Industrial Applicability

As described above, according to the present invention, the effect of improving the machinability prolongs the tool life, thereby reducing the production cost. Further, stable hardenability is achieved, thereby suppressing variations in the deformation caused by heat treatment.

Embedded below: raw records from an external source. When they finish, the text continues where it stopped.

lemma walk_contract:
  assumes walk: "is_walk (D_edges (Suc n)) p"
    and ends: "D_vertex n (hd p)" "D_vertex n (last p)"
    and no_return: "\<And>i. Suc (Suc i) < length p \<Longrightarrow> p ! i \<noteq> p ! Suc (Suc i)"
  obtains m W S where "length p = 2 * m + 1"
    and "\<And>i. i < m \<Longrightarrow> length (W i) = n"
    and "\<And>i. i < m \<Longrightarrow> p ! (2 * i + 1) = Mid (W i) (S i) \<and> dedge (W i) = {p ! (2 * i), p ! (2 * i + 2)}"
proof -
  have "p \<noteq> []"
    using walk by (simp add: is_walk_def)
  then have "even (length p - 1)"
    using walk_D_vertex_iff_even[OF walk ends(1), of "length p - 1"] ends(2) by (simp add: last_conv_nth)
  then obtain m where "length p - 1 = 2 * m"
    by (rule evenE)
  with \<open>p \<noteq> []\<close> have m: "length p = 2 * m + 1"
    by (cases p) simp_all
  define W where "W i = (case p ! (2 * i + 1) of Mid w s \<Rightarrow> w)" for i
  define S where "S i = (case p ! (2 * i + 1) of Mid w s \<Rightarrow> s)" for i
  have "length (W i) = n \<and> p ! (2 * i + 1) = Mid (W i) (S i) \<and> dedge (W i) = {p ! (2 * i), p ! (2 * i + 2)}"
    if i: "i < m" for i
  proof -
    have new: "\<not> D_vertex n (p ! (2 * i + 1))"
      using walk_D_vertex_iff_even[OF walk ends(1), of "2 * i + 1"] i m by simp
    have "{p ! (2 * i), p ! (2 * i + 1)} \<in> D_edges (Suc n)"
      using is_walk_nth_edge[OF walk, of "2 * i"] i m by simp
    then obtain w s where ws: "length w = n" "p ! (2 * i) \<in> dedge w" "p ! (2 * i + 1) = Mid w s"
      using new by (rule D_edges_Suc_newE)
    have "{p ! (2 * i + 2), p ! (2 * i + 1)} \<in> D_edges (Suc n)"
      using is_walk_nth_edge[OF walk, of "2 * i + 1"] i m by (simp add: insert_commute)
    then obtain w' s' where "p ! (2 * i + 2) \<in> dedge w'" "p ! (2 * i + 1) = Mid w' s'"
      using new by (rule D_edges_Suc_newE)
    then have "p ! (2 * i + 2) \<in> dedge w"
      using ws by simp
    moreover have "p ! (2 * i) \<noteq> p ! (2 * i + 2)"
      using no_return[of "2 * i"] i m by simp
    ultimately show ?thesis
      using ws dedge_eq_doubleton by (simp add: W_def S_def)
  qed
  then show thesis
    using that[OF m] by blast
qed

Thus, the present invention is highly applicable in the steel industry.

Claims

A steel material for hardening, including chemical components, by mass%, consisting of:
C: 0.15 to 0.60%;

Si: 0.01 to 1.5%;

Mn: 0.05 to 2.5%;

P: 0.005 to 0.20%;

S: 0.001 to 0.35%;

Al: over 0.06 to 0.3%;

total N: 0.006 to 0.03%;

Cr: 0.1 to 3.0%;

Ti: 0.001 to 0.05%;

B: limited to not more than 0.0004%, and

optionally further comprising, by mass%, at least one of:
Mo: 0.01 to 1.5%;

Cu: 0.1 to 2.0%;

Ni: 0.1 to 5.0%;

Ca: 0.0002 to 0.005%;

Zr: 0.0003 to 0.005%;

Mg: 0.0003 to 0.005%;

REM: 0.0001 to 0.015%;

Nb: 0.01 to 0.1%;

V: 0.03 to 1.0%;

W: 0.01 to 1.0%;

Sb: 0.0005 to 0.0150%;

Sn: 0.005 to 2.0%;

Zn: 0.0005 to 0.5%;

Te: 0.0003 to 0.2%;

Bi: 0.005 to 0.5%; and

Pb: 0.005 to 0.5%,

with a balance including Fe and inevitable impurities,

wherein R and H satisfy following Equation (2), where the R is a hardness at a position 5 mm away from a quenching end measured through a Jominy-type end-quenching method specified in JIS G 0561, and the H is a calculation hardness at a position 4.763 mm away from the quenching end, the H being obtained through a procedure 1 as described in paragraphs [0078] and [0079] of the description, a procedure 2 as described in paragraphs [0080] to [0086] of the description, and a procedure 3 as described in paragraph [0087] of the description, and

wherein [total N] and [Ti] satisfy following Equation (1), where [total N] is total amount (%) of N, and [Ti] is amount (%) of Ti. $0.006 + [Ti] \times (14 / 48) \leq [total N] \leq 0.03$
$H \times 0.948 \leq R \leq H \times 1.05$
A method for producing a steel material for hardening, wherein
a steel piece having the chemical components according to Claim 1 is subjected to a heat treatment in which heating at a temperature of not less than 1200°C is applied for not less than 20 minutes in a case where the amount of Ti is not less than 0.019%, and heating at a temperature of not less than 1150°C is applied for not less than 20 minutes in a case where the amount of Ti is not less than 0.025%.
A power-transmitting part obtained by subjecting the steel material for hardening according to Claim 1 to a machine work and hardening.